Бронетанковый генерал осекся и замолчал, перестав причитать о том, что: «Строй на строй пойдет стеною, и прокатится „Ура!!!“», а «наш», извлекая в этот момент из холодильника главное украшение стола в виде хрустального графинчика, на пару секунд заслушался и одобрительно покивал. В конечном счете все благочинно разместились вкруг богатого стола, в самую середину которого и был водружен запотевший графинчик, содержащий в себе полновесный повод для завтрашнего похмелья.

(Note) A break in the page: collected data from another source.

lemma tau_eq_Omega: "tau A F = Omega A 1"
  by (simp add: tau_def Omega_1)

lemma rho_eq_Omega: "rho l A F = F * Omega A (hvec l 0)"
  by (simp add: rho_def Omega_def Hm_eq)

lemma hvec_0_nonzero: "l$n \<noteq> 0 \<Longrightarrow> hvec l 0 $ n \<noteq> 0"
  by (simp add: hvec_def)

lemma sigma_eq_Omega:
  assumes "\<forall>n. l$n \<noteq> 0"
  shows "sigma l A F = - inverse F * Omega A (\<chi> n. inverse (hvec l 0 $ n))"
  using assms by (simp add: sigma_def Omega_def Hm_eq matrix_inv_diagm hvec_0_nonzero)

lemma Omega_hirota_inverse_weight:
  assumes A: "cauchy_like l A a" and l: "\<forall>i. l$i \<noteq> 0"
    and x: "\<forall>i. x \<noteq> inverse (l$i)" and y: "\<forall>i. y \<noteq> inverse (l$i)"
  defines "e \<equiv> \<chi> n. inverse (hvec l 0 $ n)"
  shows "(x - y) * Omega A 1 * Omega A (hvec l x * (hvec l y * e))
       = x * Omega A (hvec l x) * Omega A (hvec l y * e) - y * Omega A (hvec l x * e) * Omega A (hvec l y)"
proof -
  have "e * hvec l 0 = 1" using l by (simp add: vec_eq_iff e_def hvec_0_nonzero)
  then have "e * (hvec l x * hvec l y) = hvec l x * (hvec l y * e)" "e * hvec l 0 = 1"
    "e * (hvec l x * hvec l 0) = hvec l x" "e * (hvec l y * hvec l 0) = hvec l y"
    "e * hvec l x = hvec l x * e" "e * hvec l y = hvec l y * e"
    by (simp_all add: mult_ac) (metis mult.left_commute mult_1_right)+
  with Omega_hirota[OF cauchy_like_mult_diagm[OF A] l x y, of e] show ?thesis
    by (simp add: Omega_mult_diagm)
qed

lemma hvec_inverse_reflection:
  assumes "l$n \<noteq> 0" "y \<noteq> 0" "y \<noteq> l$n" "y \<noteq> inverse (l$n)"
  shows "inverse (hvec l (inverse y) $ n) * hvec l 0 $ n = hvec l y $ n"
proof -
  have "y * l$n - 1 \<noteq> 0" using assms(1,4) by (rule mult_minus_one_nonzero)
  then show ?thesis using assms(1-3) by (simp add: hvec_def field_simps)
qed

«Наш» генерал, пользуясь правом гостеприимного хозяина, с изысканной аккуратностью и невероятной грацией налил из графина по половине хрустальной рюмочки и предложил танковому генералу произнести первый тост, каковой откроет сие славное заседание, посвященное радостному и светлому празднику крыльев Родины.
Долго и уж тем более повторно себя уговаривать танкист не позволил. Подхватив огромной дланью рюмку, блеснувшую яркой радугой на своих хрустальных боках, украшенных филигранной резьбой, он встал в горделивую позу римского оратора и торжественно провозгласил тост. Он предложил выпить. Выпить за все и всех сразу. Было такое ощущение, что танкист готовился к сегодняшней посиделке загодя и сильно заранее, понимая, что продлиться она может никак не менее трех часов, и потому припас добрый десяток тостов, каковые он и выдавал бы равными долями на протяжении всего многочасового марафона алкогольного возлияния. Однако по какой-то неведомой причине, получив право начать и высказаться первым тостом, он все свои заготовки смешал в одну-единственную здравницу и высказал ее нескончаемой чередой фактов, фамилий и исторических событий.

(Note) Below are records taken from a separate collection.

text \<open>Join P*Q in R^{n+m+1}: coordinates 0..n-1 for P, n..n+m-1 for Q, n+m the extra one.\<close>
definition embL :: "nat \<Rightarrow> (nat \<Rightarrow> real) \<Rightarrow> (nat \<Rightarrow> real)" where
  "embL n p = (\<lambda>i. if i < n then p i else 0)"

definition embR :: "nat \<Rightarrow> nat \<Rightarrow> (nat \<Rightarrow> real) \<Rightarrow> (nat \<Rightarrow> real)" where
  "embR n m y = (\<lambda>i. if i < n then 0 else if i < n + m then y (i - n)
                     else if i = n + m then 1 else 0)"

definition join :: "nat \<Rightarrow> nat \<Rightarrow> (nat \<Rightarrow> real) set \<Rightarrow> (nat \<Rightarrow> real) set \<Rightarrow> (nat \<Rightarrow> real) set" where
  "join n m P Q = conv (embL n ` P \<union> embR n m ` Q)"

text \<open>Lattice points P \<inter> Z^n (as exponent vectors; they are nonnegative since P lies in the box).\<close>
definition lattice_pts :: "nat \<Rightarrow> (nat \<Rightarrow> real) set \<Rightarrow> (nat \<Rightarrow> nat) set" where
  "lattice_pts n P = {p. supp_lt n p \<and> (\<lambda>i. real (p i)) \<in> P}"

text \<open>An element of L_P is given by its coefficient function c, supported on the lattice
  points of P (monomials x^p with distinct p are linearly independent, so f = 0 iff c = 0).\<close>
definition LP_coeffs :: "'a itself \<Rightarrow> nat \<Rightarrow> (nat \<Rightarrow> real) set \<Rightarrow> ((nat \<Rightarrow> nat) \<Rightarrow> 'a::field) set" where
  "LP_coeffs _ n P = {c. \<forall>p. p \<notin> lattice_pts n P \<longrightarrow> c p = 0}"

Среди прочего многообразия поводов, вложенных им в первый тост, танковый генерал предложил выпить, к примеру, за:
• приснопамятных братьев Монгольфье, которые пусть и не были советскими людьми, но таки смогли преодолеть земное притяжение и воспарить, так сказать, над бренной поверхностью и мирской суетой, применив лишь собственную смекалку и хорошо разогретый воздух;
• не менее родственных друг другу товарищей с иностранной фамилией Райт, каковые, к глубокому сожалению, также не относились к передовым строителям коммунизма, но умудрились-таки без всякой руководящей роли партии и надежного командования со стороны Министерства обороны придумать устройство, возносящееся в небесную высь в окончание непродолжительного разбега по первой в мире взлетно-посадочной полосе;
• вечную память товарищу Чкалову, доказавшему, что рискованные пролеты под мостами не только укрепляют воинский дух и боевую подготовку летного состава Красной армии, но и доказывают всему миру, что наши самолеты – самые самолеты в мире;
• за неисчерпаемый гений товарищей Туполева, Ильюшина и Микояна, а также за крепкое здоровье всех работников авиапредприятий, которые этот гений в крылатом металле воплотить смогли. При этом он не преминул покрыть позором товарища Сикорского, променявшего вечную и нерушимую любовь к своей советской Родине на сытный кусок американского хлебца.
Также в своей нескончаемой тираде он упомянул: безвременно усопшего Икара, гордую птицу высокого полета под названием «кондор», чистое небо над нашими головами и лично товарища министра обороны, Устинова Дмитрия Фёдоровича.